▶ **PROBLEM STATEMENT**
Copy out the data below, all of it, exactly.

▶ **DATA**
lemma winding_eq_rotation_index:
  fixes \<alpha> \<beta> :: "real \<Rightarrow> real^2" and \<psi> \<psi>tilde :: "real \<Rightarrow> real"
  assumes a: "\<And>x. vector_derivative \<alpha> (at x) + \<beta> x = unit_vec (\<psi> x)"
    and b: "\<And>x. vector_derivative \<alpha> (at x) - \<beta> x = - unit_vec (\<psi>tilde x)"
    and nz: "\<And>x. vector_derivative \<alpha> (at x) \<noteq> 0"
    and cont: "continuous_on UNIV \<psi>" "continuous_on UNIV \<psi>tilde"
    and per: "vector_derivative \<alpha> (at L) = vector_derivative \<alpha> (at 0)" "\<beta> L = \<beta> 0"
  shows "\<psi> L - \<psi> 0 = 2 * pi * rotation_index L \<alpha>"
    and "\<psi>tilde L - \<psi>tilde 0 = 2 * pi * rotation_index L \<alpha>"
proof -
  define d \<sigma> where "d x = (\<psi> x - \<psi>tilde x) / 2" and "\<sigma> x = (\<psi> x + \<psi>tilde x) / 2" for x
  have \<alpha>': "vector_derivative \<alpha> (at x) = sin (d x) *\<^sub>R unit_vec (\<sigma> x + pi / 2)" for x
  proof -
    have "vector_derivative \<alpha> (at x)
        = (1/2) *\<^sub>R ((vector_derivative \<alpha> (at x) + \<beta> x) + (vector_derivative \<alpha> (at x) - \<beta> x))"
      by (simp add: scaleR_right_distrib[symmetric])
    also have "\<dots> = (1/2) *\<^sub>R (unit_vec (\<psi> x) - unit_vec (\<psi>tilde x))" by (simp add: a b)
    finally show ?thesis by (simp add: unit_vec_diff d_def \<sigma>_def)
  qed
  have sin_d: "sin (d x) \<noteq> 0" for x using nz[of x] \<alpha>'[of x] by auto
  have cont_d: "continuous_on UNIV d" unfolding d_def using cont by (intro continuous_intros) auto
  have "continuous_on UNIV (\<lambda>x. sin (d x))" using cont_d by (intro continuous_intros)
  then obtain c where tangent: "\<And>x. (1 / norm (vector_derivative \<alpha> (at x))) *\<^sub>R vector_derivative \<alpha> (at x)
      = unit_vec (\<sigma> x + c)"
    using unit_tangent_lift[of "\<lambda>x. vector_derivative \<alpha> (at x)" "\<lambda>x. sin (d x)", OF \<alpha>' sin_d] by blast
  obtain p1 :: int where p1: "\<psi> L - \<psi> 0 = 2 * pi * p1"
    using unit_vec_eqD[of "\<psi> L" "\<psi> 0"] a[of L] a[of 0] per by metis
  obtain p2 :: int where p2: "\<psi>tilde L - \<psi>tilde 0 = 2 * pi * p2"
    using unit_vec_eqD[of "\<psi>tilde L" "\<psi>tilde 0"] b[of L] b[of 0] per by (metis neg_equal_iff_equal)
  \<comment> \<open>\<open>d\<close> never meets a multiple of \<open>\<pi>\<close>, so it cannot change by \<open>\<pi> (p1 - p2)\<close> unless \<open>p1 = p2\<close>.\<close>
  have "\<bar>d L - d 0\<bar> < pi" using continuous_on_UNIV_sin_nonzero_oscillation[OF cont_d sin_d] .
  moreover have "d L - d 0 = pi * (p1 - p2)" using p1 p2 by (simp add: d_def field_simps)
  ultimately have "\<bar>real_of_int (p1 - p2)\<bar> < 1" by (simp add: abs_mult)
  then have "p1 = p2" by linarith
  have lift_cont: "continuous_on UNIV (\<lambda>x. \<sigma> x + c)" unfolding \<sigma>_def using cont by (intro continuous_intros) auto
  have "(\<sigma> L + c) - (\<sigma> 0 + c) = 2 * pi * p1"
    using p1 p2 \<open>p1 = p2\<close> by (simp add: \<sigma>_def field_simps)
  then have "rotation_index L \<alpha> = p1"
    by (rule rotation_index_eqI[of "\<lambda>x. \<sigma> x + c", OF lift_cont tangent])
  then show "\<psi> L - \<psi> 0 = 2 * pi * rotation_index L \<alpha>" "\<psi>tilde L - \<psi>tilde 0 = 2 * pi * rotation_index L \<alpha>"
    using p1 p2 \<open>p1 = p2\<close> by simp_all
qed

▶ **SOLUTION**
lemma winding_eq_rotation_index:
  fixes \<alpha> \<beta> :: "real \<Rightarrow> real^2" and \<psi> \<psi>tilde :: "real \<Rightarrow> real"
  assumes a: "\<And>x. vector_derivative \<alpha> (at x) + \<beta> x = unit_vec (\<psi> x)"
    and b: "\<And>x. vector_derivative \<alpha> (at x) - \<beta> x = - unit_vec (\<psi>tilde x)"
    and nz: "\<And>x. vector_derivative \<alpha> (at x) \<noteq> 0"
    and cont: "continuous_on UNIV \<psi>" "continuous_on UNIV \<psi>tilde"
    and per: "vector_derivative \<alpha> (at L) = vector_derivative \<alpha> (at 0)" "\<beta> L = \<beta> 0"
  shows "\<psi> L - \<psi> 0 = 2 * pi * rotation_index L \<alpha>"
    and "\<psi>tilde L - \<psi>tilde 0 = 2 * pi * rotation_index L \<alpha>"
proof -
  define d \<sigma> where "d x = (\<psi> x - \<psi>tilde x) / 2" and "\<sigma> x = (\<psi> x + \<psi>tilde x) / 2" for x
  have \<alpha>': "vector_derivative \<alpha> (at x) = sin (d x) *\<^sub>R unit_vec (\<sigma> x + pi / 2)" for x
  proof -
    have "vector_derivative \<alpha> (at x)
        = (1/2) *\<^sub>R ((vector_derivative \<alpha> (at x) + \<beta> x) + (vector_derivative \<alpha> (at x) - \<beta> x))"
      by (simp add: scaleR_right_distrib[symmetric])
    also have "\<dots> = (1/2) *\<^sub>R (unit_vec (\<psi> x) - unit_vec (\<psi>tilde x))" by (simp add: a b)
    finally show ?thesis by (simp add: unit_vec_diff d_def \<sigma>_def)
  qed
  have sin_d: "sin (d x) \<noteq> 0" for x using nz[of x] \<alpha>'[of x] by auto
  have cont_d: "continuous_on UNIV d" unfolding d_def using cont by (intro continuous_intros) auto
  have "continuous_on UNIV (\<lambda>x. sin (d x))" using cont_d by (intro continuous_intros)
  then obtain c where tangent: "\<And>x. (1 / norm (vector_derivative \<alpha> (at x))) *\<^sub>R vector_derivative \<alpha> (at x)
      = unit_vec (\<sigma> x + c)"
    using unit_tangent_lift[of "\<lambda>x. vector_derivative \<alpha> (at x)" "\<lambda>x. sin (d x)", OF \<alpha>' sin_d] by blast
  obtain p1 :: int where p1: "\<psi> L - \<psi> 0 = 2 * pi * p1"
    using unit_vec_eqD[of "\<psi> L" "\<psi> 0"] a[of L] a[of 0] per by metis
  obtain p2 :: int where p2: "\<psi>tilde L - \<psi>tilde 0 = 2 * pi * p2"
    using unit_vec_eqD[of "\<psi>tilde L" "\<psi>tilde 0"] b[of L] b[of 0] per by (metis neg_equal_iff_equal)
  \<comment> \<open>\<open>d\<close> never meets a multiple of \<open>\<pi>\<close>, so it cannot change by \<open>\<pi> (p1 - p2)\<close> unless \<open>p1 = p2\<close>.\<close>
  have "\<bar>d L - d 0\<bar> < pi" using continuous_on_UNIV_sin_nonzero_oscillation[OF cont_d sin_d] .
  moreover have "d L - d 0 = pi * (p1 - p2)" using p1 p2 by (simp add: d_def field_simps)
  ultimately have "\<bar>real_of_int (p1 - p2)\<bar> < 1" by (simp add: abs_mult)
  then have "p1 = p2" by linarith
  have lift_cont: "continuous_on UNIV (\<lambda>x. \<sigma> x + c)" unfolding \<sigma>_def using cont by (intro continuous_intros) auto
  have "(\<sigma> L + c) - (\<sigma> 0 + c) = 2 * pi * p1"
    using p1 p2 \<open>p1 = p2\<close> by (simp add: \<sigma>_def field_simps)
  then have "rotation_index L \<alpha> = p1"
    by (rule rotation_index_eqI[of "\<lambda>x. \<sigma> x + c", OF lift_cont tangent])
  then show "\<psi> L - \<psi> 0 = 2 * pi * rotation_index L \<alpha>" "\<psi>tilde L - \<psi>tilde 0 = 2 * pi * rotation_index L \<alpha>"
    using p1 p2 \<open>p1 = p2\<close> by simp_all
qed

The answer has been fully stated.